The More Things Change at Habs’ Helm…

Ultimately though, Hughes is entering a similar situation as Bergevin, trying to turn around the team that is struggling (like most new GMs). It puts in perspective how GMs, like coaches, are only really hired to eventually be fired. Bergevin lasted 10 years, even if there had been calls for his dismissal far sooner than that. It’s an accomplishment that can’t be taken away from him along with the run to the Stanley Cup Final last summer. Still, a fresh start was clearly needed. 

“Today marks the first step towards bringing back a winning culture to our organization. Our priorities are as follows: improve the team in the short term, re-establish a winning culture over the long term, give our fans what they deserve, the best possible product on the ice, and establish stability in all areas of the organization,” said Molson. Truer words have never been spoken, even if those words in this instance came 10 years ago. 

Marc Bergevin Canadiens
Ex-Montreal Canadiens GM Marc Bergevin – (Amy Irvin / The Hockey Writers)

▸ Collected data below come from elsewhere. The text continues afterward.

text \<open>\<open>H\<close> acts transitively on the nonzero vectors of \<open>k\<^sup>4 = K\<^sup>2\<close>.\<close>
lemma exists_Hgrp_fixing_e1:
  fixes \<alpha> :: "'a::field"
  assumes "\<alpha> \<noteq> 0" "\<not> (\<exists>z. z * z = \<alpha>)"
    and g: "g \<in> carrier_mat 4 4" and m: "m \<in> carrier_mat 4 4" and gm: "g * m = 1\<^sub>m 4"
  obtains b d where "snd (Kdet \<alpha> (m$$(0,0), m$$(1,0)) b (m$$(2,0), m$$(3,0) / \<alpha>) d) = 0"
    "fst (Kdet \<alpha> (m$$(0,0), m$$(1,0)) b (m$$(2,0), m$$(3,0) / \<alpha>) d) \<noteq> 0"
    "col (g * embH \<alpha> (m$$(0,0), m$$(1,0)) b (m$$(2,0), m$$(3,0) / \<alpha>) d) 0 = unit_vec 4 0"
proof -
  have gm0: "g *\<^sub>v col m 0 = unit_vec 4 0"
    using col_mult2[OF g m, of 0] gm by simp
  have "col m 0 \<noteq> 0\<^sub>v 4"
  proof
    assume "col m 0 = 0\<^sub>v 4"
    then have "(unit_vec 4 0 :: 'a vec) $ 0 = (g *\<^sub>v 0\<^sub>v 4) $ 0" using gm0 by simp
    also have "\<dots> = 0" using g by (simp add: scalar_prod_def)
    finally show False by simp
  qed
  moreover have "col m 0 = 0\<^sub>v 4" if "m$$(0,0) = 0" "m$$(1,0) = 0" "m$$(2,0) = 0" "m$$(3,0) = 0"
    by (rule vec4_eqI) (use m that in auto)
  ultimately have "(m$$(0,0), m$$(1,0)) \<noteq> (0,0) \<or> (m$$(2,0), m$$(3,0) / \<alpha>) \<noteq> (0,0)"
    using assms(1) by auto
  then obtain b d where h: "snd (Kdet \<alpha> (m$$(0,0), m$$(1,0)) b (m$$(2,0), m$$(3,0) / \<alpha>) d) = 0"
    "fst (Kdet \<alpha> (m$$(0,0), m$$(1,0)) b (m$$(2,0), m$$(3,0) / \<alpha>) d) \<noteq> 0"
    using exists_Kdet_in_units[OF assms(2)] by blast
  have "col (embH \<alpha> (m$$(0,0), m$$(1,0)) b (m$$(2,0), m$$(3,0) / \<alpha>) d) 0 = col m 0"
    by (rule vec4_eqI) (use m assms(1) in \<open>auto simp: embH_index\<close>)
  then show ?thesis
    using that[OF h] col_mult2[OF g embH_carrier, of 0] gm0 by simp
qed
text \<open>Positive paths are obtained by joining paths of equal signs, negative paths by joining paths of
  opposite signs, and the tadpoles at the common terminal pair up into barbells.\<close>

lemma psi_cover_series:
  assumes H1: "psi_cover ends sig V1 E1 a b 2 Pp1 Pn1 Tx1 Ty1 Cs1"
    and H2: "psi_cover ends sig V2 E2 b c 2 Pp2 Pn2 Tx2 Ty2 Cs2"
    and meet: "V1 \<inter> V2 = {b}" and edisj: "E1 \<inter> E2 = {}"
  shows "\<exists>Pp Pn Cs. psi_cover ends sig (V1 \<union> V2) (E1 \<union> E2) a c 2 Pp Pn Tx1 Ty2 Cs"
proof -
  note h1 = psi_coverD[OF H1] and h2 = psi_coverD[OF H2]
  obtain p1 p2 where p: "Pp1 = {#p1, p2#}" using size_mset_2E[OF h1(5)] .
  obtain n1 n2 where n: "Pn1 = {#n1, n2#}" using size_mset_2E[OF h1(6)] .
  obtain t1 t2 where t: "Ty1 = {#t1, t2#}" using size_mset_2E[OF h1(8)] .
  obtain q1 q2 where q: "Pp2 = {#q1, q2#}" using size_mset_2E[OF h2(5)] .
  obtain m1 m2 where m: "Pn2 = {#m1, m2#}" using size_mset_2E[OF h2(6)] .
  obtain s1 s2 where s: "Tx2 = {#s1, s2#}" using size_mset_2E[OF h2(7)] .
  have in1: "fst S \<subseteq> V1" "snd S \<subseteq> E1" if "S \<in># Pp1 + Pn1 + Tx1 + Ty1 + Cs1" for S
    using psi_cover_member[OF H1 that] by auto
  have in2: "fst S \<subseteq> V2" "snd S \<subseteq> E2" if "S \<in># Pp2 + Pn2 + Tx2 + Ty2 + Cs2" for S
    using psi_cover_member[OF H2 that] by auto
  have join: "is_path ends a c (sg_union P Q)" "sg_sign sig (sg_union P Q) = sg_sign sig P * sg_sign sig Q"
    if "P \<in># Pp1 + Pn1" "Q \<in># Pp2 + Pn2" for P Q
  proof -
    have "is_path ends a b P" "is_path ends b c Q" using that h1(12,13) h2(12,13) by auto
    moreover have "P \<in># Pp1 + Pn1 + Tx1 + Ty1 + Cs1" "Q \<in># Pp2 + Pn2 + Tx2 + Ty2 + Cs2" using that by auto
    ultimately show "is_path ends a c (sg_union P Q)" "sg_sign sig (sg_union P Q) = sg_sign sig P * sg_sign sig Q"
      using is_path_append_across[OF _ in1(1,2) _ in2(1,2) meet edisj] by blast+
  qed
  have sign: "sg_sign sig p1 = 1" "sg_sign sig p2 = 1" "sg_sign sig n1 = -1" "sg_sign sig n2 = -1"
    "sg_sign sig q1 = 1" "sg_sign sig q2 = 1" "sg_sign sig m1 = -1" "sg_sign sig m2 = -1"
    using h1(12,13) h2(12,13) p n q m by auto
  have barbell: "is_barbell ends sig (sg_union T U)" if "T \<in># Ty1" "U \<in># Tx2" for T U
  proof -
    have "T \<in># Pp1 + Pn1 + Tx1 + Ty1 + Cs1" "U \<in># Pp2 + Pn2 + Tx2 + Ty2 + Cs2" using that by auto
    then show ?thesis
      using is_barbell_tadpole_union_across[OF _ in1(1,2) _ in2(1,2) meet edisj] h1(10) h2(9) that by blast
  qed
  define Pp where "Pp = {#sg_union p1 q1, sg_union n1 m1#}"
  define Pn where "Pn = {#sg_union p2 m2, sg_union n2 q2#}"
  define Cs where "Cs = Cs1 + Cs2 + {#sg_union t1 s1, sg_union t2 s2#}"
  have members: "mset [p1, n1, p2, n2, t1, t2] + (Tx1 + Cs1) = Pp1 + Pn1 + Tx1 + Ty1 + Cs1"
    "mset [q1, m1, m2, q2, s1, s2] + (Ty2 + Cs2) = Pp2 + Pn2 + Tx2 + Ty2 + Cs2"
    "mset (map2 sg_union [p1, n1, p2, n2, t1, t2] [q1, m1, m2, q2, s1, s2]) + (Tx1 + Cs1) + (Ty2 + Cs2)
       = Pp + Pn + Tx1 + Ty2 + Cs"
    unfolding p n t q m s Pp_def Pn_def Cs_def by (simp_all add: union_ac)
  have "six_cover ends (V1 \<union> V2) (E1 \<union> E2) (Pp + Pn + Tx1 + Ty2 + Cs)"
    using six_cover_join[of ends V1 E1 "[p1, n1, p2, n2, t1, t2]" "Tx1 + Cs1"
        V2 E2 "[q1, m1, m2, q2, s1, s2]" "Ty2 + Cs2", unfolded members]
      h1(4) h2(4) edisj by simp
  moreover have "\<forall>C\<in>#Cs. signed_circuit ends sig C"
    unfolding Cs_def signed_circuit_def using h1(11) h2(11) barbell t s by (auto simp: signed_circuit_def)
  moreover have "\<forall>P\<in>#Pp. is_path ends a c P \<and> sg_sign sig P = 1"
    "\<forall>P\<in>#Pn. is_path ends a c P \<and> sg_sign sig P = -1"
    unfolding Pp_def Pn_def using join[of p1 q1] join[of n1 m1] join[of p2 m2] join[of n2 q2] sign p n q m
    by simp_all
  ultimately have "psi_cover ends sig (V1 \<union> V2) (E1 \<union> E2) a c 2 Pp Pn Tx1 Ty2 Cs"
    using h1(1,3,7,9) h2(2,3,8,10) meet by (intro psi_coverI) (auto simp: Pp_def Pn_def)
  then show ?thesis by blast
qed

section \<open>Circuits cross every cut an even number of times\<close>

lemma even_sum_iff_even_card_ones:
  assumes "finite F" "\<forall>e\<in>F. c e \<le> (2::nat)"
  shows "even (\<Sum>e\<in>F. c e) \<longleftrightarrow> even (card {e\<in>F. c e = 1})"
  using assms
proof (induction F rule: finite_induct)
  case (insert x F)
  have "{e\<in>insert x F. c e = 1} = (if c x = 1 then insert x {e\<in>F. c e = 1} else {e\<in>F. c e = 1})"
    by auto
  moreover have "x \<notin> {e\<in>F. c e = 1}" "finite {e\<in>F. c e = 1}" "c x \<le> 2" using insert by auto
  ultimately show ?case using insert by (cases "c x"; cases "c x - 1"; auto)
qed simp

lemma sum_card_incident:
  assumes "finite F" "finite W"
  shows "(\<Sum>v\<in>W. card {e\<in>F. v \<in> ends e \<and> P e}) = (\<Sum>e\<in>{e\<in>F. P e}. card (ends e \<inter> W))"
proof -
  have "card {e\<in>F. v \<in> ends e \<and> P e} = (\<Sum>e\<in>{e\<in>F. P e}. if v \<in> ends e then 1 else 0)" for v
  proof -
    have "{e\<in>F. v \<in> ends e \<and> P e} = {e\<in>{e\<in>F. P e}. v \<in> ends e}" by auto
    then show ?thesis using sum.inter_filter[of "{e\<in>F. P e}" "\<lambda>_. 1::nat"] assms(1) by simp
  qed
  moreover have "card (ends e \<inter> W) = (\<Sum>v\<in>W. if v \<in> ends e then 1 else 0)" for e
  proof -
    have "ends e \<inter> W = {v\<in>W. v \<in> ends e}" by auto
    then show ?thesis using sum.inter_filter[OF assms(2), of "\<lambda>_. 1::nat"] by simp
  qed
  ultimately show ?thesis using sum.swap[of "\<lambda>v e. if v \<in> ends e then 1 else (0::nat)" "{e\<in>F. P e}" W] by simp
qed

text \<open>Double counting the degrees (all equal to \<open>2\<close>) of the circuit vertices in \<open>L\<close>: an edge with
  both ends in \<open>L\<close> or a loop contributes \<open>2\<close>, so the edges leaving \<open>L\<close> must be even in number.\<close>

lemma circuit_cut_even:
  assumes C: "is_circuit ends C" and fin: "finite (snd C)" "finite (fst C)"
  shows "even (card {e\<in>snd C. card (ends e) = 2 \<and> card (ends e \<inter> L) = 1})"
proof -
  define W where "W = fst C \<inter> L"
  define F2 where "F2 = {e\<in>snd C. card (ends e) = 2}"
  have "even (\<Sum>v\<in>W. sg_deg ends (snd C) v)"
    using C unfolding is_circuit_def W_def by (simp add: sum.neutral)
  then have "even (\<Sum>v\<in>W. card {e\<in>snd C. v \<in> ends e \<and> card (ends e) = 2})"
    unfolding sg_deg_def by (simp add: sum.distrib sum_distrib_left[symmetric])
  moreover have "finite W" using fin(2) unfolding W_def by simp
  ultimately have "even (\<Sum>e\<in>F2. card (ends e \<inter> W))"
    using sum_card_incident[OF fin(1), of W ends "\<lambda>e. card (ends e) = 2"] unfolding F2_def by simp
  moreover have "ends e \<inter> W = ends e \<inter> L" if "e \<in> F2" for e
    using is_circuit_edge_ends[OF C] that unfolding W_def F2_def by auto
  ultimately have "even (\<Sum>e\<in>F2. card (ends e \<inter> L))" by simp
  moreover have "card (ends e \<inter> L) \<le> 2" if "e \<in> F2" for e
    using that card_mono[of "ends e" "ends e \<inter> L"] card.infinite[of "ends e"] unfolding F2_def by fastforce
  ultimately have "even (card {e\<in>F2. card (ends e \<inter> L) = 1})"
    using even_sum_iff_even_card_ones[of F2] fin(1) unfolding F2_def by simp
  moreover have "{e\<in>F2. card (ends e \<inter> L) = 1} = {e\<in>snd C. card (ends e) = 2 \<and> card (ends e \<inter> L) = 1}"
    unfolding F2_def by auto
  ultimately show ?thesis by simp
qed

lemma circuit_crossing_edge_not_unique:
  assumes C: "is_circuit ends C" "finite (snd C)" "finite (fst C)"
    and e: "e \<in> snd C" "card (ends e) = 2" "card (ends e \<inter> L) = 1"
  obtains f where "f \<in> snd C" "f \<noteq> e" "card (ends f) = 2" "card (ends f \<inter> L) = 1"
proof (rule ccontr)
  assume "\<not> thesis"
  then have "{f\<in>snd C. card (ends f) = 2 \<and> card (ends f \<inter> L) = 1} = {e}" using that e by auto
  then show False using circuit_cut_even[OF C, of L] by simp
qed

section \<open>Restricting a cover to an attached part\<close>

lemma is_subgraph_inside:
  "is_subgraph ends V E M \<Longrightarrow> fst M \<subseteq> S \<Longrightarrow> is_subgraph ends S {e\<in>E. ends e \<subseteq> S} M"
  unfolding is_subgraph_def by blast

Maybe the biggest difference is Hughes was hired mid-season, while Bergevin came on board after the 2011-12 season, with a lockout looming. With the trade deadline rapidly approaching (March 21), fans won’t have to wait nearly as long as they did a decade ago to get actual first impressions of their new GM. Hughes definitely has his work cut out for him. One can only hope he’s assessed primarily on that work from this point moving forward. He’s here to build first and foremost a team, but also a name for himself, not be judged for that name before the ink dries on his contract.